##### DATA TO USE #####
lemma transient_mass_limit_invariant:
  assumes "\<And>k. (\<lambda>t. transient_mass t k) \<longlonglongrightarrow> m k"
  shows "m k = (\<Sum>l\<in>UNIV. matpow W s $ k $ l * m l)"
proof -
  have "(\<lambda>t. transient_mass (s + t) k) \<longlonglongrightarrow> m k"
    using LIMSEQ_ignore_initial_segment[OF assms[of k], of s] by (simp add: add.commute)
  moreover have "(\<lambda>t. transient_mass (s + t) k) \<longlonglongrightarrow> (\<Sum>l\<in>UNIV. matpow W s $ k $ l * m l)"
    unfolding transient_mass_add by (intro tendsto_intros assms)
  ultimately show ?thesis
    by (rule LIMSEQ_unique)
qed

text \<open>At a maximiser \<open>k\<^sub>0\<close> of the limit \<open>m\<close>, some power of \<open>W\<close> moves positive weight
  from \<open>k\<^sub>0\<close> to an absorbing state, where \<open>m\<close> vanishes; by the invariance \<open>m = W\<^sup>s m\<close>
  this forces \<open>max m = 0\<close>.\<close>

lemma transient_mass_tendsto_0: "(\<lambda>t. transient_mass t k) \<longlonglongrightarrow> 0"
proof -
  define m where "m k = lim (\<lambda>t. transient_mass t k)" for k
  have m: "(\<lambda>t. transient_mass t k) \<longlonglongrightarrow> m k" for k
    unfolding m_def using transient_mass_convergent by (simp add: convergent_LIMSEQ_iff)
  have m_nonneg: "0 \<le> m k" for k
    by (rule LIMSEQ_le_const[OF m]) (simp add: transient_mass_nonneg)
  have m_absorbing: "m a = 0" if "a \<in> A" for a
    using m[of a] that by (simp add: transient_mass_absorbing LIMSEQ_const_iff)
  have "Max (range m) \<in> range m"
    by (intro Max_in) auto
  then obtain k0 where k0_max: "Max (range m) = m k0"
    by (rule rangeE)
  have k0: "m k \<le> m k0" for k
    unfolding k0_max[symmetric] by (intro Max_ge) auto
  obtain a where a: "a \<in> A" "(k0, a) \<in> (graph_of W)\<^sup>*"
    using reaches_absorbing by blast
  then obtain s where s: "0 < matpow W s $ k0 $ a"
    using matpow_pos_iff_rtrancl[OF nonneg] by blast
  have "m k0 = (\<Sum>l\<in>UNIV. matpow W s $ k0 $ l * m l)"
    using m by (rule transient_mass_limit_invariant)
  also have "\<dots> \<le> (\<Sum>l\<in>UNIV. matpow W s $ k0 $ l * (transient_mass 0 l * m k0))"
    using matpow_nonneg[OF nonneg] k0
    by (intro sum_mono mult_left_mono) (auto simp: transient_mass_0 m_absorbing)
  also have "\<dots> = transient_mass s k0 * m k0"
    using transient_mass_add[of s 0 k0] by (simp add: sum_distrib_right mult.assoc)
  finally have "m k0 \<le> transient_mass s k0 * m k0" .
  with transient_mass_less_1[OF a(1) s] m_nonneg[of k0] have "m k0 = 0"
    by (simp add: mult_le_cancel_right1 not_le)
  with k0[of k] m_nonneg[of k] m[of k] show ?thesis
    by simp
qed

lemma matpow_transient_tendsto_0: "l \<notin> A \<Longrightarrow> (\<lambda>t. matpow W t $ k $ l) \<longlonglongrightarrow> 0"
  by (rule tendsto_sandwich[OF _ _ tendsto_const transient_mass_tendsto_0[of k]])
    (simp_all add: matpow_nonneg[OF nonneg] matpow_le_transient_mass)

lemma matpow_convergent: "convergent (matpow W)"
proof -
  have "convergent (\<lambda>t. matpow W t $ k $ l)" for k l
  proof (cases "l \<in> A")
    case True
    then show ?thesis
      using incseq_matpow_absorbing row_stochastic_entry_le_1[OF matpow_stochastic]
      by (blast intro: incseq_convergent convergentI)
  next
    case False
    then show ?thesis using matpow_transient_tendsto_0 by (blast intro: convergentI)
  qed
  then have "matpow W \<longlonglongrightarrow> (\<chi> k l. lim (\<lambda>t. matpow W t $ k $ l))"
    by (intro vec_tendstoI) (simp add: convergent_LIMSEQ_iff)
  then show ?thesis by (rule convergentI)
qed

lemma matpow_entry_tendsto_lim: "(\<lambda>t. matpow W t $ k $ l) \<longlonglongrightarrow> lim (matpow W) $ k $ l"
  using matpow_convergent by (intro tendsto_vec_nth) (simp add: convergent_LIMSEQ_iff)

lemma lim_matpow_stochastic: "row_stochastic (lim (matpow W))"
proof -
  have "0 \<le> lim (matpow W) $ k $ l" for k l
    by (rule LIMSEQ_le_const[OF matpow_entry_tendsto_lim]) (simp add: matpow_nonneg[OF nonneg])
  moreover have "(\<Sum>l\<in>UNIV. lim (matpow W) $ k $ l) = 1" for k
  proof -
    have "(\<lambda>t. \<Sum>l\<in>UNIV. matpow W t $ k $ l) \<longlonglongrightarrow> (\<Sum>l\<in>UNIV. lim (matpow W) $ k $ l)"
      by (intro tendsto_intros matpow_entry_tendsto_lim)
    then show ?thesis
      using matpow_stochastic by (simp add: row_stochastic_def LIMSEQ_const_iff)
  qed
  ultimately show ?thesis by (simp add: row_stochastic_def)
qed

lemma lim_matpow_transient: "l \<notin> A \<Longrightarrow> lim (matpow W) $ k $ l = 0"
  using matpow_entry_tendsto_lim matpow_transient_tendsto_0 LIMSEQ_unique by blast

lemma lim_matpow_absorbing_row: "a \<in> A \<Longrightarrow> lim (matpow W) $ a $ l = (if l = a then 1 else 0)"
  using matpow_entry_tendsto_lim[of a l] by (simp add: matpow_absorbing_row LIMSEQ_const_iff)

lemma lim_matpow_pos_iff_rtrancl:
  assumes "a \<in> A"
  shows "0 < lim (matpow W) $ k $ a \<longleftrightarrow> (k, a) \<in> (graph_of W)\<^sup>*"
proof -
  have "0 < lim (matpow W) $ k $ a \<longleftrightarrow> (\<exists>t. 0 < matpow W t $ k $ a)"
  proof
    assume pos: "0 < lim (matpow W) $ k $ a"
    show "\<exists>t. 0 < matpow W t $ k $ a"
    proof (rule ccontr)
      assume "\<nexists>t. 0 < matpow W t $ k $ a"
      then have "lim (matpow W) $ k $ a \<le> 0"
        by (intro LIMSEQ_le_const2[OF matpow_entry_tendsto_lim]) (auto simp: not_less)
      with pos show False by simp
    qed
  next
    assume "\<exists>t. 0 < matpow W t $ k $ a"
    then show "0 < lim (matpow W) $ k $ a"
      using incseq_le[OF incseq_matpow_absorbing[OF assms] matpow_entry_tendsto_lim]
      by (fastforce intro: less_le_trans)
  qed
  then show ?thesis using matpow_pos_iff_rtrancl[OF nonneg] by simp
qed

end

section \<open>The dynamics \<open>W(z)\<close> with a stubborn node\<close>

lemma Wm_entry: "Wm P z $ k $ l = (1 - z $ k) * P $ k $ l + (if k = l then z $ k else 0)"
proof -
  have "((mat 1 - diagm z) ** P) $ k $ l = (\<Sum>m\<in>UNIV. (if k = m then 1 - z $ k else 0) * P $ m $ l)"
    by (simp add: matrix_matrix_mult_def diagm_def mat_def if_distrib[of "\<lambda>x. x - _"] cong: if_cong)
  also have "\<dots> = (\<Sum>m\<in>UNIV. if k = m then (1 - z $ k) * P $ m $ l else 0)"
    by (intro sum.cong) auto
  finally show ?thesis
    by (simp add: Wm_def diagm_def)
qed

lemma row_stochastic_Wm:
  assumes "row_stochastic P" and "\<forall>k. 0 \<le> z $ k \<and> z $ k \<le> 1"
  shows "row_stochastic (Wm P z)"
proof -
  have "(\<Sum>l\<in>UNIV. Wm P z $ k $ l) = (1 - z $ k) * (\<Sum>l\<in>UNIV. P $ k $ l) + z $ k" for k
    by (simp add: Wm_entry sum.distrib sum_distrib_left)
  then show ?thesis
    using assms by (simp add: row_stochastic_def Wm_entry)
qed

lemma Wm_reaches_stubborn:
  assumes "\<forall>k. 0 \<le> z $ k \<and> z $ k \<le> 1" and "(k, a) \<in> (graph_of P)\<^sup>*" and "z $ a = 1"
  shows "\<exists>b. z $ b = 1 \<and> (k, b) \<in> (graph_of (Wm P z))\<^sup>*"
  using assms(2,3)
proof (induction rule: converse_rtrancl_induct)
  case base
  then show ?case by blast
next
  case (step k k')
  show ?case
  proof (cases "z $ k = 1")
    case True
    then show ?thesis by blast
  next
    case False
    then have "z $ k < 1" using assms(1) by (simp add: less_le)
    moreover have "0 < P $ k $ k'" using step(1) by (simp add: graph_of_def)
    ultimately have "(k, k') \<in> graph_of (Wm P z)"
      using assms(1) by (simp add: graph_of_def Wm_entry add_pos_nonneg)
    with step.IH[OF step.prems] show ?thesis
      by (blast intro: converse_rtrancl_into_rtrancl)
  qed
qed

lemma absorbing_chain_Wm:
  assumes "row_stochastic P" and "irreducible_mat P"
    and "\<forall>k. 0 \<le> z $ k \<and> z $ k \<le> 1" and "z $ a = 1"
  shows "absorbing_chain (Wm P z) {k. z $ k = 1}"
proof
  show "row_stochastic (Wm P z)"
    using assms(1,3) by (rule row_stochastic_Wm)
  show "Wm P z $ b $ l = (if l = b then 1 else 0)" if "b \<in> {k. z $ k = 1}" for b l
    using that by (simp add: Wm_entry)
  show "\<exists>b\<in>{k. z $ k = 1}. (k, b) \<in> (graph_of (Wm P z))\<^sup>*" for k
  proof -
    have "(k, a) \<in> (graph_of P)\<^sup>*"
      using assms(2) by (simp add: irreducible_mat_def trancl_into_rtrancl)
    then show ?thesis using Wm_reaches_stubborn[OF assms(3) _ assms(4)] by blast
  qed
qed

context
  fixes P :: "real^'n^'n" and z :: "real^'n" and a :: 'n
  assumes stoch: "row_stochastic P" and irred: "irreducible_mat P"
    and z_range: "\<forall>k. 0 \<le> z $ k \<and> z $ k \<le> 1" and stubborn: "z $ a = 1"
begin

interpretation absorbing_chain "Wm P z" "{k. z $ k = 1}"
  using stoch irred z_range stubborn by (rule absorbing_chain_Wm)

lemma row_stochastic_Hm: "row_stochastic (Hm P z)"
  unfolding Hm_def by (rule lim_matpow_stochastic)

lemma Hm_stubborn_row: "z $ b = 1 \<Longrightarrow> Hm P z $ b $ l = (if l = b then 1 else 0)"
  unfolding Hm_def by (simp add: lim_matpow_absorbing_row)

lemma Hm_pos_iff: "0 < Hm P z $ k $ l \<longleftrightarrow> z $ l = 1 \<and> (k, l) \<in> (graph_of (Wm P z))\<^sup>*"
  unfolding Hm_def using lim_matpow_pos_iff_rtrancl lim_matpow_transient by fastforce

end

section \<open>Costs and best responses\<close>

lemma weighted_square_le:
  fixes h s c :: real
  assumes "0 \<le> h" "h \<le> 1" "0 \<le> s" "s \<le> c"
  shows "h\<^sup>2 * s \<le> h * c"
proof -
  have "h\<^sup>2 * s \<le> h * s"
    using assms by (simp add: power2_eq_square mult_right_le_one_le mult_right_mono)
  also have "\<dots> \<le> h * c"
    using assms by (simp add: mult_left_mono)
  finally show ?thesis .
qed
#####
> [TASK INSTRUCTIONS]:
Search the entries above for "longleftrightarrow". Return every line that has it.

> [ANSWER AREA]:
  shows "0 < lim (matpow W) $ k $ a \<longleftrightarrow> (k, a) \<in> (graph_of W)\<^sup>*"
  have "0 < lim (matpow W) $ k $ a \<longleftrightarrow> (\<exists>t. 0 < matpow W t $ k $ a)"
lemma Hm_pos_iff: "0 < Hm P z $ k $ l \<longleftrightarrow> z $ l = 1 \<and> (k, l) \<in> (graph_of (Wm P z))\<^sup>*"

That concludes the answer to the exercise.